Data extracted from a collection

section \<open>A maximum principle for the norm of the resolvent\<close>

text \<open>Averaging the Taylor series of the resolvent over the m-th roots of unity kills all terms
  of order \<open>0 < k < m\<close>. The resulting discrete mean value inequality stands in for the
  subharmonicity of the norm of a Banach-algebra-valued holomorphic function.\<close>

lemma sum_resolvent_circle_sums:
  fixes b :: "'a::{complex_normed_algebra_1, banach}"
  assumes z: "z \<notin> spectrum b" and \<omega>: "cmod \<omega> = 1" and small: "\<bar>\<rho>\<bar> * norm (resolvent b z) < 1"
  shows "(\<lambda>k. of_complex ((- of_real \<rho>) ^ k * (\<Sum>j<m. (\<omega> ^ j) ^ k)) * resolvent b z ^ Suc k)
    sums (\<Sum>j<m. resolvent b (z + of_real \<rho> * \<omega> ^ j))"
proof -
  have "cmod (of_real \<rho> * \<omega> ^ j) * norm (resolvent b z) < 1" for j
    using small \<omega> by (simp add: norm_mult norm_power)
  then have "(\<lambda>k. \<Sum>j<m. of_complex ((- (of_real \<rho> * \<omega> ^ j)) ^ k) * resolvent b z ^ Suc k)
      sums (\<Sum>j<m. resolvent b (z + of_real \<rho> * \<omega> ^ j))"
    by (intro sums_sum resolvent_sums[OF z])
  moreover have "(\<Sum>j<m. of_complex ((- (of_real \<rho> * \<omega> ^ j)) ^ k) * resolvent b z ^ Suc k)
      = of_complex ((- of_real \<rho>) ^ k * (\<Sum>j<m. (\<omega> ^ j) ^ k)) * resolvent b z ^ Suc k" for k
    unfolding sum_distrib_left sum_distrib_right of_complex_sum
    by (intro sum.cong refl) (metis minus_mult_left power_mult_distrib)
  ultimately show ?thesis by simp
qed

lemma sum_powers_root_of_unity:
  assumes "0 < k" "k < m"
  shows "(\<Sum>j<m. (cis (2 * pi / m) ^ j) ^ k) = 0"
proof -
  define \<omega> where "\<omega> = cis (2 * pi / m)"
  have m: "0 < m" using assms by simp
  have "\<omega> ^ k = cis (2 * pi * real k / real m)"
    unfolding \<omega>_def Complex.DeMoivre by (simp add: field_simps)
  also have "\<dots> \<noteq> cis (2 * pi * real 0 / real m)"
    using inj_on_contraD[OF bij_betw_imp_inj_on[OF Complex.bij_betw_roots_unity[OF m]], of k 0]
      assms by auto
  finally have "\<omega> ^ k \<noteq> 1" by simp
  moreover have "\<omega> ^ m = 1" unfolding \<omega>_def Complex.DeMoivre using m by (simp add: complex_eq_iff)
  then have "(\<omega> ^ k) ^ m = 1" by (metis power_mult mult.commute power_one)
  ultimately have "(\<Sum>j<m. (\<omega> ^ k) ^ j) = 0" by (simp add: sum_gp_strict)
  then show ?thesis by (simp add: \<omega>_def power_mult[symmetric] mult.commute)
qed

lemma norm_sums_minus_first_le:
  fixes f :: "nat \<Rightarrow> 'a::banach"
  assumes f: "f sums s" and bound: "\<And>k. norm (f k) \<le> C * t ^ k" and t: "0 \<le> t" "t < 1"
    and gap: "\<And>k. 0 < k \<Longrightarrow> k < m \<Longrightarrow> f k = 0" and m: "0 < m"
  shows "norm (s - f 0) \<le> C * t ^ m / (1 - t)"
proof -
  have "(\<Sum>k<m. f k) = f 0 + (\<Sum>k\<in>{..<m} - {0}. f k)"
    using m by (simp add: sum.remove)
  also have "(\<Sum>k\<in>{..<m} - {0}. f k) = 0" using gap by (intro sum.neutral) auto
  finally have "(\<lambda>i. f (i + m)) sums (s - f 0)"
    using f by (simp add: sums_iff_shift)
  moreover have "(\<lambda>i. C * t ^ m * t ^ i) sums (C * t ^ m / (1 - t))"
    using sums_mult[OF geometric_sums, of t "C * t ^ m"] t by simp
  moreover have "norm (f (i + m)) \<le> C * t ^ m * t ^ i" for i
    using bound[of "i + m"] by (simp add: power_add mult_ac)
  ultimately show ?thesis
    by (metis norm_suminf_le sums_summable sums_unique)
qed

lemma norm_resolvent_le_circle_mean:
  fixes b :: "'a::{complex_normed_algebra_1, banach}"
  assumes z: "z \<notin> spectrum b" and \<rho>: "0 < \<rho>" "\<rho> * norm (resolvent b z) \<le> 1/4" and m: "0 < m"
  shows "m * norm (resolvent b z)
    \<le> (\<Sum>j<m. norm (resolvent b (z + of_real \<rho> * cis (2 * pi / m) ^ j)))
      + 2 * m * norm (resolvent b z) / 4 ^ m"
proof -
  define \<omega> where "\<omega> = cis (2 * pi / m)"
  define R where "R = resolvent b z"
  define t where "t = \<rho> * norm R"
  have t: "0 \<le> t" "t \<le> 1/4" using \<rho> by (auto simp: t_def R_def)
  define c where "c k = of_complex ((- of_real \<rho>) ^ k * (\<Sum>j<m. (\<omega> ^ j) ^ k)) * R ^ Suc k" for k
  define T where "T = (\<Sum>j<m. resolvent b (z + of_real \<rho> * \<omega> ^ j))"
  have "c sums T"
    unfolding c_def T_def R_def using \<rho>
    by (intro sum_resolvent_circle_sums[OF z]) (auto simp: \<omega>_def)
  moreover have "norm (c k) \<le> m * norm R * t ^ k" for k
  proof -
    have "cmod (\<Sum>j<m. (\<omega> ^ j) ^ k) \<le> m"
      using norm_sum[of "\<lambda>j. (\<omega> ^ j) ^ k" "{..<m}"] by (simp add: \<omega>_def norm_power)
    then have "norm (c k) \<le> \<rho> ^ k * m * norm (R ^ Suc k)"
      using \<rho> by (simp add: c_def norm_of_complex_mult norm_mult norm_power mult_right_mono)
    also have "\<dots> \<le> \<rho> ^ k * m * norm R ^ Suc k"
      using \<rho> by (intro mult_left_mono norm_power_ineq) auto
    finally show ?thesis by (simp add: t_def power_mult_distrib mult_ac)
  qed
  moreover have "c k = 0" if "0 < k" "k < m" for k
    using sum_powers_root_of_unity[OF that] by (simp add: c_def \<omega>_def)
  ultimately have "norm (T - c 0) \<le> m * norm R * t ^ m / (1 - t)"
    using t m by (intro norm_sums_minus_first_le) auto
  also have "\<dots> = m * norm R * t ^ m * (1 / (1 - t))" by simp
  also have "\<dots> \<le> m * norm R * (1/4) ^ m * 2"
    using t by (intro mult_mono mult_left_mono power_mono) (auto simp: field_simps)
  finally have tail: "norm (T - c 0) \<le> 2 * m * norm R / 4 ^ m" by (simp add: power_divide mult_ac)
  have "m * norm R = norm (c 0)" by (simp add: c_def norm_of_complex_mult)
  also have "\<dots> \<le> norm T + norm (T - c 0)" by (metis norm_triangle_sub norm_minus_commute)
  also have "norm T \<le> (\<Sum>j<m. norm (resolvent b (z + of_real \<rho> * \<omega> ^ j)))"
    unfolding T_def by (rule norm_sum)
  finally show ?thesis using tail by (simp add: R_def \<omega>_def)
qed

lemma norm_resolvent_eq_of_circle_le:
  fixes b :: "'a::{complex_normed_algebra_1, banach}"
  assumes z: "z \<notin> spectrum b" and \<rho>: "0 < \<rho>" "\<rho> * norm (resolvent b z) \<le> 1/4"
    and circle: "\<And>w. w \<in> sphere z \<rho> \<Longrightarrow> norm (resolvent b w) \<le> norm (resolvent b z)"
  shows "norm (resolvent b (z + of_real \<rho>)) = norm (resolvent b z)"
proof -
  define M where "M = norm (resolvent b z)"
  define M' where "M' = norm (resolvent b (z + of_real \<rho>))"
  have "M' \<le> M" using circle \<rho> by (simp add: M_def M'_def dist_norm)
  moreover have "\<not> M' < M"
  proof
    assume "M' < M"
    obtain m' :: nat where m': "2 * M / (M - M') < m'" using reals_Archimedean2 by blast
    define m where "m = Suc m'"
    have m0: "0 < m" by (simp add: m_def)
    define f where "f j = norm (resolvent b (z + of_real \<rho> * cis (2 * pi / m) ^ j))" for j
    have "(\<Sum>j<m. f j) = M' + (\<Sum>j<m'. f (Suc j))"
      unfolding m_def sum.lessThan_Suc_shift by (simp add: f_def M'_def)
    also have "(\<Sum>j<m'. f (Suc j)) \<le> (\<Sum>j<m'. M)"
      using circle \<rho> by (intro sum_mono) (simp add: f_def M_def dist_norm norm_mult norm_power)
    finally have "(\<Sum>j<m. f j) \<le> M' + m' * M" by simp
    moreover have "m * M \<le> (\<Sum>j<m. f j) + 2 * m * M / 4 ^ m"
      using norm_resolvent_le_circle_mean[OF z \<rho> m0] by (simp add: f_def M_def)
    ultimately have "M * m \<le> M' + m' * M + 2 * M * m / 4 ^ m" by (simp add: mult_ac)
    then have "M - M' \<le> 2 * M * m / 4 ^ m" by (simp add: m_def algebra_simps)
    also have "\<dots> \<le> 2 * M * m / (m * m)"
    proof -
      have "real m < 2 ^ m"
        using less_exp[of m] by (metis of_nat_less_iff of_nat_numeral of_nat_power)
      then have "real m * real m \<le> 4 ^ m"
        by (metis less_imp_le mult_mono' of_nat_0_le_iff power_mult_distrib num_double
            numeral_times_numeral)
      then show ?thesis using m0 by (intro divide_left_mono) (auto simp: M_def)
    qed
    also have "\<dots> = 2 * M / m" using m0 by simp
    also have "\<dots> < M - M'"
    proof -
      have "2 * M < m' * (M - M')" using m' \<open>M' < M\<close> by (simp add: divide_less_eq)
      also have "\<dots> \<le> m * (M - M')" using \<open>M' < M\<close> by (simp add: m_def)
      finally show ?thesis using m0 by (simp add: divide_less_eq mult.commute)
    qed
    finally show False by simp
  qed
  ultimately show ?thesis by (simp add: M_def M'_def)
qed

lemma continuous_attains_sup_max_Re:
  fixes f :: "complex \<Rightarrow> real"
  assumes K: "compact K" "K \<noteq> {}" and f: "continuous_on K f"
  obtains z where "z \<in> K" "\<And>w. w \<in> K \<Longrightarrow> f w \<le> f z"
    "\<And>w. w \<in> K \<Longrightarrow> f w = f z \<Longrightarrow> Re w \<le> Re z"
proof -
  obtain z0 where z0: "z0 \<in> K" "\<And>w. w \<in> K \<Longrightarrow> f w \<le> f z0"
    using continuous_attains_sup[OF K f] by blast
  define S where "S = {w \<in> K. f w = f z0}"
  have "closed S"
    unfolding S_def by (rule continuous_closed_preimage_constant[OF f compact_imp_closed[OF K(1)]])
  moreover have "S = K \<inter> S" by (auto simp: S_def)
  ultimately have "compact S" using compact_Int_closed[OF K(1), of S] by simp
  moreover have "S \<noteq> {}" using z0 by (auto simp: S_def)
  ultimately obtain z where "z \<in> S" "\<And>w. w \<in> S \<Longrightarrow> Re w \<le> Re z"
    using continuous_attains_sup[of S Re] continuous_on_Re[OF continuous_on_id] by auto
  then show thesis using that z0(2) by (auto simp: S_def)
qed

text \<open>At a point of maximal resolvent norm with maximal real part, the previous lemma would make
  the point just to its right maximal as well.\<close>

lemma norm_resolvent_maximum_principle:
  fixes b :: "'a::{complex_normed_algebra_1, banach}"
  assumes W: "bounded W" "open W" and resolvent_set: "closure W \<inter> spectrum b = {}"
    and frontier: "\<And>w. w \<in> frontier W \<Longrightarrow> norm (resolvent b w) \<le> B"
    and z: "z \<in> closure W"
  shows "norm (resolvent b z) \<le> B"
proof (rule ccontr)
  define K where "K = closure W"
  define f where "f w = norm (resolvent b w)" for w
  have "compact K" "K \<noteq> {}" using W z by (auto simp: K_def compact_closure)
  moreover have "continuous_on K f"
    unfolding f_def using resolvent_set
    by (intro continuous_on_norm continuous_on_subset[OF continuous_on_resolvent])
      (auto simp: K_def)
  ultimately obtain z1 where z1: "z1 \<in> K" "\<And>w. w \<in> K \<Longrightarrow> f w \<le> f z1"
    "\<And>w. w \<in> K \<Longrightarrow> f w = f z1 \<Longrightarrow> Re w \<le> Re z1"
    by (rule continuous_attains_sup_max_Re) blast
  assume "\<not> ?thesis"
  then have "B < f z1" using z1(2)[of z] z by (simp add: K_def f_def)
  then have "z1 \<notin> frontier W" using frontier by (force simp: f_def)
  then have "z1 \<in> W" using z1(1) W(2) by (auto simp: K_def frontier_def interior_open)
  then obtain e where e: "e > 0" "ball z1 e \<subseteq> W" using W(2) open_contains_ball by blast
  define M where "M = f z1"
  have M0: "0 \<le> M" by (simp add: M_def f_def)
  define \<rho> where "\<rho> = min (e / 2) (1 / (4 * (M + 1)))"
  have \<rho>: "0 < \<rho>" "\<rho> < e" using e M0 by (auto simp: \<rho>_def)
  have "\<rho> * M \<le> 1 / (4 * (M + 1)) * (M + 1)"
    using M0 \<rho> by (intro mult_mono) (auto simp: \<rho>_def)
  also have "\<dots> = 1/4" using M0 by simp
  finally have small: "\<rho> * f z1 \<le> 1/4" by (simp add: M_def)
  have sphere: "sphere z1 \<rho> \<subseteq> K" using e \<rho> closure_subset[of W] by (auto simp: K_def)
  have "z1 \<notin> spectrum b" using z1(1) resolvent_set by (auto simp: K_def)
  then have "f (z1 + of_real \<rho>) = f z1"
    using norm_resolvent_eq_of_circle_le[OF _ \<rho>(1)] small sphere z1(2) unfolding f_def by blast
  moreover have "z1 + of_real \<rho> \<in> K" using sphere \<rho> by (auto simp: dist_norm)
  ultimately show False using z1(3) \<rho>(1) by force
qed

section \<open>Separating a component of a compact set\<close>

lemma compact_component_clopen_subset:
  fixes S :: "'a::metric_space set"
  assumes S: "compact S" and C: "C \<in> components S" and U: "open U" "C \<subseteq> U"
  obtains K where "C \<subseteq> K" "K \<subseteq> U" "K \<subseteq> S" "closed K" "closed (S - K)"
proof -
  let ?X = "top_of_set S"
  obtain x where x: "x \<in> S" "C = connected_component_set S x" using C by (auto simp: components_iff)
  have "connected_component_of_set ?X x = C"
    by (auto simp: x(2) connected_component_of_def connected_component_def connectedin_subtopology)
  then have "C \<in> connected_components_of ?X" using x(1) by (auto simp: connected_components_of_def)
  moreover have "compactin ?X C"
    using compact_Int_closed[OF S closed_components[OF compact_imp_closed[OF S] C]]
      in_components_subset[OF C]
    by (simp add: compactin_subtopology Int_absorb1)
  moreover have "locally_compact_space ?X"
    using S by (intro compact_imp_locally_compact_space compact_space_subtopology) simp
  moreover have "openin ?X (S \<inter> U)" using U(1) by (auto simp: openin_open)
  ultimately obtain K V where KV: "openin ?X K" "openin ?X V" "disjnt K V" "K \<union> V = S"
    "C \<subseteq> K" "K \<subseteq> S \<inter> U"
    using wilder_locally_compact_component_thm[of ?X C "S \<inter> U"] U(2) in_components_subset[OF C]
      Hausdorff_space_subtopology[OF Hausdorff_space_euclidean]
    by (metis le_inf_iff topspace_euclidean_subtopology)
  have "K = S - V" "V = S - K" using KV(3,4) by (auto simp: disjnt_def)
  then have "closedin ?X K" "closedin ?X (S - K)"
    using KV(1,2) by (metis closedin_diff closedin_topspace topspace_euclidean_subtopology)+
  then have "closed K" "closed (S - K)"
    using compact_imp_closed[OF S] closedin_closed_trans by blast+
  then show thesis using that KV(5,6) by blast
qed
lemma vanishes_to_gen_ideal:
  fixes z :: "complex \<Rightarrow> complex^'n"
  assumes z: "z \<in> curves" and G: "\<And>k. k \<in> G \<Longrightarrow> vanishes_to (\<lambda>t. k (z t)) K"
    and h: "h \<in> gen_ideal G"
  shows "vanishes_to (\<lambda>t. h (z t)) K"
proof -
  obtain rz where rz: "rz > 0" and hz: "\<And>j. (\<lambda>t. z t $ j) holomorphic_on ball 0 rz" and z0: "z 0 = 0"
    by (rule curve_components[OF z]) blast
  obtain gs as r where len: "length as = length gs" and gsG: "set gs \<subseteq> G"
    and as: "\<forall>a\<in>set as. holo_near0 a"
    and r: "r > 0" and he: "\<forall>x\<in>ball 0 r. h x = (\<Sum>i<length gs. (as ! i) x * (gs ! i) x)"
    using h unfolding gen_ideal_def by blast
  have sum: "vanishes_to (\<lambda>t. \<Sum>i<length gs. (as ! i) (z t) * (gs ! i) (z t)) K"
  proof (rule vanishes_to_sum)
    fix i assume i: "i \<in> {..<length gs}"
    then have "holo_near0 (as ! i)" using as len by auto
    then obtain ri where ri: "ri > 0" and hi: "(\<lambda>t. (as ! i) (z t)) holomorphic_on ball 0 ri"
      using holo_near0_compose_curve[OF _ z0 rz hz] by blast
    have "gs ! i \<in> G" using gsG i by auto
    then have "vanishes_to (\<lambda>t. (gs ! i) (z t)) K" by (rule G)
    then show "vanishes_to (\<lambda>t. (as ! i) (z t) * (gs ! i) (z t)) K"
      by (rule vanishes_to_mult[OF _ ri hi])
  qed simp
  obtain r' where r': "r' > 0" and small: "\<forall>t\<in>ball 0 r'. z t \<in> ball 0 r"
    using continuous_maps_small_ball_into_ball[OF continuous_on_curve[OF hz] rz z0 r] by blast
  have "\<forall>t\<in>ball 0 r'. h (z t) = (\<Sum>i<length gs. (as ! i) (z t) * (gs ! i) (z t))"
    using he small by blast
  then show ?thesis by (rule vanishes_to_cong[OF sum r'])
qed

lemma T1_ge_if_smooth_curve:
  fixes zc :: "complex \<Rightarrow> complex^'n"
  assumes zc: "zc \<in> curves" and o1: "ordc zc = 1"
    and G: "\<And>M k. enat M \<le> N \<Longrightarrow> k \<in> G \<Longrightarrow> vanishes_to (\<lambda>t. k (zc t)) M"
  shows "ereal_of_enat N \<le> T1 (gen_ideal G)"
proof -
  have "ereal_of_enat N \<le> ereal_of_enat (ord0 (h \<circ> zc)) / ereal_of_enat (ordc zc)"
    if h: "h \<in> gen_ideal G" for h
  proof -
    have "N \<le> ord0 (h \<circ> zc)"
      using ord0_ge_if_vanishes_to_all vanishes_to_gen_ideal[OF zc G h] by (simp add: o_def)
    moreover have "ereal_of_enat (ordc zc) = 1" using o1 by (simp add: one_enat_def one_ereal_def)
    ultimately show ?thesis by simp
  qed
  then have "ereal_of_enat N \<le> (INF h\<in>gen_ideal G. ereal_of_enat (ord0 (h \<circ> zc)) / ereal_of_enat (ordc zc))"
    by (rule INF_greatest)
  also have "\<dots> \<le> T1 (gen_ideal G)" unfolding T1_def by (rule SUP_upper[OF zc])
  finally show ?thesis .
qed

lemma T1_le_if_orders_bounded:
  fixes J :: "(complex^'n \<Rightarrow> complex) set"
  assumes "\<And>z r m. r > 0 \<Longrightarrow> (\<And>j. (\<lambda>t. z t $ j) holomorphic_on ball 0 r) \<Longrightarrow> m \<ge> 1 \<Longrightarrow>
      (\<And>j. enat m \<le> ord0 (\<lambda>t. z t $ j)) \<Longrightarrow> (\<exists>j. ord0 (\<lambda>t. z t $ j) = enat m) \<Longrightarrow>
      \<exists>h\<in>J. ord0 (h \<circ> z) \<le> enat (n * m)"
  shows "T1 J \<le> ereal_of_enat (enat n)"
  unfolding T1_def
proof (rule SUP_least)
  fix z :: "complex \<Rightarrow> complex^'n" assume z: "z \<in> curves"
  obtain r m where "r > 0" "\<And>j. (\<lambda>t. z t $ j) holomorphic_on ball 0 r" and m: "ordc z = enat m" "m \<ge> 1"
    and "\<And>j. enat m \<le> ord0 (\<lambda>t. z t $ j)" "\<exists>j. ord0 (\<lambda>t. z t $ j) = enat m"
    by (rule curve_components[OF z]) blast
  then obtain h where h: "h \<in> J" and "ord0 (h \<circ> z) \<le> enat (n * m)" using assms by blast
  then obtain k where k: "ord0 (h \<circ> z) = enat k" "k \<le> n * m" by (cases "ord0 (h \<circ> z)") auto
  have "real k / real m \<le> real n"
    using k m by (simp add: pos_divide_le_eq of_nat_mult[symmetric] del: of_nat_mult)
  then have "ereal_of_enat (ord0 (h \<circ> z)) / ereal_of_enat (ordc z) \<le> ereal_of_enat (enat n)"
    using k m by simp
  then show "(INF h\<in>J. ereal_of_enat (ord0 (h \<circ> z)) / ereal_of_enat (ordc z)) \<le> ereal_of_enat (enat n)"
    using h by (meson INF_lower2)
qed

section \<open>Generic hyperplanes\<close>

lemma lin_indep_1_iff: "lin_indep 1 ws \<longleftrightarrow> ws 0 \<noteq> 0"
proof
  assume "lin_indep 1 ws"
  then have "(\<Sum>i<1. c i *s ws i) = 0 \<Longrightarrow> c 0 = 0" for c :: "nat \<Rightarrow> complex"
    unfolding lin_indep_def by blast
  from this[of "\<lambda>_. 1"] show "ws 0 \<noteq> 0" by auto
next
  assume "ws 0 \<noteq> 0"
  then obtain j where j: "ws 0 $ j \<noteq> 0" by (metis vec_eq_iff zero_index)
  show "lin_indep 1 ws" unfolding lin_indep_def
  proof (intro allI impI)
    fix c :: "nat \<Rightarrow> complex" and i :: nat assume "(\<Sum>i<1. c i *s ws i) = 0" and i: "i < 1"
    then have "c 0 *s ws 0 = 0" by simp
    then have "c 0 * ws 0 $ j = 0" by (metis vector_smult_component zero_index)
    then show "c i = 0" using j i by simp
  qed
qed

lemma linf_at_axis: "linf v (axis j 1) = v $ j"
proof -
  have "(\<lambda>i. v $ i * axis j 1 $ i) = (\<lambda>i. if i = j then v $ j else 0)" by (auto simp: axis_def)
  then show ?thesis unfolding linf_def by (simp only:) simp
qed

lemma linf_of_axis: "linf (axis j 1) x = x $ j"
proof -
  have "(\<lambda>i. axis j 1 $ i * x $ i) = (\<lambda>i. if i = j then x $ j else 0)" by (auto simp: axis_def)
  then show ?thesis unfolding linf_def by (simp only:) simp
qed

Task prompt
Of the lines above, extract only those from the line with "using h unfolding gen_ideal_def by blast" to the line with "by (rule G)", both included, exactly as written.

Answer to the exercise
    using h unfolding gen_ideal_def by blast
  have sum: "vanishes_to (\<lambda>t. \<Sum>i<length gs. (as ! i) (z t) * (gs ! i) (z t)) K"
  proof (rule vanishes_to_sum)
    fix i assume i: "i \<in> {..<length gs}"
    then have "holo_near0 (as ! i)" using as len by auto
    then obtain ri where ri: "ri > 0" and hi: "(\<lambda>t. (as ! i) (z t)) holomorphic_on ball 0 ri"
      using holo_near0_compose_curve[OF _ z0 rz hz] by blast
    have "gs ! i \<in> G" using gsG i by auto
    then have "vanishes_to (\<lambda>t. (gs ! i) (z t)) K" by (rule G)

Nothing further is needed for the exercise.